Convict's mother warns Brampton
'He will kill': Man who aspires to be Bernardo will live in Peel Region: police

Allan Woods

National Post

June 24, 2004

Martin Ferrier

The mother of a Brampton psychopath who aspires to be like Paul Bernardo is warning Peel residents her son will kill upon his July 7 release so he can spend the rest of his life in prison.

"He's going to do something horrendous," Judy Perry, mother of Martin Ferrier, said in an interview with the National Post last night.

Ferrier has spent 15 of the last 17 years behind bars. He has 63 convictions, including six for rape. He once told a doctor he wanted to become "the most prolific killer in Canada, perhaps North America."

Peel police issued a public warning yesterday that Ferrier will live "in the Peel community" upon his release next month.

"Every time he does something, it gets a little bit more serious," Ms. Perry said in a telephone interview from her Northern Ontario home. "Even if he doesn't come up here and kill me, he's going to kill somebody, some innocent Joe Blow in Brampton."

In 2002, Ferrier, 31, was sentenced to two years in the Warkworth Institution in Campbellford for verbally threatening his brother-in-law during a court hearing.

He has also been convicted of arson and the rape of an ex-girlfriend that saw him return afterward and try to burn the woman and her two children to death.

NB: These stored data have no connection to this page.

definition BG :: "nat \<Rightarrow> gen word set monoid" where
  "BG n = presented_group (braid_gens n) (braid_rels n)"
definition UBG :: "nat \<Rightarrow> gen word set monoid" where
  "UBG n = presented_group (two_gens n) (UB_rels n)"
definition SGG :: "nat \<Rightarrow> gen word set monoid" where
  "SGG n = presented_group (two_gens n) (SG_rels n)"
definition VBG :: "nat \<Rightarrow> gen word set monoid" where
  "VBG n = presented_group (two_gens n) (VB_rels n)"

definition gB :: "nat \<Rightarrow> gen \<Rightarrow> gen word set" where "gB n = pgen (braid_gens n) (braid_rels n)"
definition gU :: "nat \<Rightarrow> gen \<Rightarrow> gen word set" where "gU n = pgen (two_gens n) (UB_rels n)"
definition gS :: "nat \<Rightarrow> gen \<Rightarrow> gen word set" where "gS n = pgen (two_gens n) (SG_rels n)"
definition gV :: "nat \<Rightarrow> gen \<Rightarrow> gen word set" where "gV n = pgen (two_gens n) (VB_rels n)"

end

theory Submission
  imports Defs "HOL-Library.Countable"
begin

text \<open>Everything follows from von Dyck's theorem: a substitution of words for generators that
  sends every defining relation into the congruence of the target presentation induces a
  homomorphism of presented groups. Each relation of \<open>UB_n\<close> is a relation of \<open>SG_n\<close>, and of
  \<open>VB_n\<close> up to orientation, so the generators may be fixed; sending \<open>c_i\<close> to the empty word
  kills every relation not already in \<open>B_n\<close>. The inclusion \<open>B_n \<rightarrow> UB_n\<close> has the latter map
  as a left inverse, hence is injective, and its image is generated by the \<open>\<sigma>_i\<close>.
  Finally the defining relations of \<open>UB_n\<close> are, up to orientation, exactly the Artin relations
  of the Coxeter matrix with \<open>m(\<sigma>_i, \<sigma>_(i+1)) = 3\<close>, \<open>m = 2\<close> on commuting pairs and no
  relation otherwise; renaming the generators along an injection into \<open>\<nat>\<close> gives the
  required form of an Artin group.\<close>

lemma (in group_hom) iso_subgroup_generated_image:
  assumes "inj_on h (carrier G)" "K \<subseteq> carrier G" "generate G K = carrier G"
  shows "h \<in> iso G (subgroup_generated H (h ` K))"
proof -
  have image: "carrier (subgroup_generated H (h ` K)) = h ` carrier G"
    using subgroup_generated_by_image[OF assms(2)] assms(2,3)
    by (simp add: carrier_subgroup_generated Int_absorb1)
  then have "h \<in> hom G (subgroup_generated H (h ` K))"
    by (simp add: hom_into_subgroup_eq_gen[OF H.is_group] homh)
  with image assms(1) show ?thesis
    by (simp add: iso_def bij_betw_def)
qed

definition inv_word :: "'a word \<Rightarrow> 'a word" where
  "inv_word w = rev (map (\<lambda>(x, b). (x, \<not> b)) w)"

definition subst_word :: "('a \<Rightarrow> 'b word) \<Rightarrow> 'a word \<Rightarrow> 'b word" where
  "subst_word f w = concat (map (\<lambda>(x, b). if b then f x else inv_word (f x)) w)"

lemma inv_word_simps [simp]:
  "inv_word [] = []"
  "inv_word ((x, b) # w) = inv_word w @ [(x, \<not> b)]"
  "inv_word (u @ v) = inv_word v @ inv_word u"
  "inv_word (inv_word w) = w"
  by (auto simp: inv_word_def rev_map comp_def case_prod_beta)

lemma subst_word_simps [simp]:
  "subst_word f [] = []"
  "subst_word f ((x, b) # w) = (if b then f x else inv_word (f x)) @ subst_word f w"
  "subst_word f (u @ v) = subst_word f u @ subst_word f v"
  by (simp_all add: subst_word_def)

lemma subst_word_pw [simp]: "subst_word f (pw xs) = concat (map f xs)"
  by (induction xs) (auto simp: pw_def)

lemma subst_word_letters: "subst_word (\<lambda>x. [(g x, True)]) w = map (apfst g) w"
  by (induction w) auto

Though his current sentence has expired, police are asking a judge to order Ferrier to sign a contract limiting his freedom. In an interview with CanWest News Service published yesterday, Ferrier said he would sign that contract.

"He won't be going to a halfway house because they won't have him there," Ms. Perry said. "One of his friends from inside ... has a wife and the wife has a house in Brampton. She is going to rent him a room or an apartment in her house."

The court order Ferrier agreed to sign makes him adhere to a midnight curfew and report to police every other day, Ms. Perry said. He must also have a job within seven days of his release, she added.

"He wants to come out of there to be a bouncer or work in a strip club because that's all he can do. He has no other practical experience," she said of her son, whose education ended at Grade 9.

Ferrier has been branded an "incurable psychopath" by prison doctors.

"He wants to be as notorious as Paul Bernardo. He thinks it's the greatest thing. He's thinks [Paul Bernardo] has got a nice cell, he's got a computer and a colour TV," she said.

The reality, Ms. Perry said, is that Ferrier cannot exist outside prison and has no contacts that are not criminal. She said he once bragged about making the "lifers" basketball team while in prison.

This year, he threatened to order an attack on her by associates with the Hells Angels.

Ms. Perry has been lobbying, unsuccessfully, for legislative changes that would see her son and other notorious criminals like him declared dangerous offenders.

So far, all of Ferrier's convictions have landed him relatively light sentences and he has been able to avoid the extra restrictions that accompany a dangerous offender status.

"I don't believe in three strikes you're out, but I believe in 63 strikes and you're out," Ms. Perry said.

What is worse, she said, is that he enjoys the publicity that comes with his criminality, once telephoning her when his case was profiled on the CTV program W5.

"I was not afraid of him, but with all this publicity, now I am," she said. "If he had gotten out six months ago and killed his mother, that wouldn't have been a big story. Now with all the publicity, killing his mother would be a big story."

Constable Kathy Gagnon, a spokeswoman with Peel police, said the force does not know where exactly Ferrier will reside when he is released, but officials wanted to get what little information they have out to the public as soon as possible.

Noel Catney, Peel's Police Chief, will be issuing a community safety alert "when and if" Ferrier is released, Const. Gagnon said.

"Any time there is a safety alert for the public about anybody who has shown a [criminal] history and is deemed as a high risk to re-offend, when it happens, if it happens, we'll put out more information," she said.

Peel Region dealt with a murder scandal last year after it emerged that Douglas Donald Moore, a 36-year-old convicted pedophile, was the prime suspect in the deaths of three young Mississauga men.

Moore, who hanged himself in jail, had been living in a Mississauga community where neighbours were unaware of his criminal past and the danger he might present to the community.

Harpal Singh Grewal, the uncle of 22-year-old Robert Grewal, said he was glad police are acting early to alert the community to Ferrier's release.

"I would say I am definitely of the opinion that if those indicators had been there [with Moore], lives could have been saved," he said.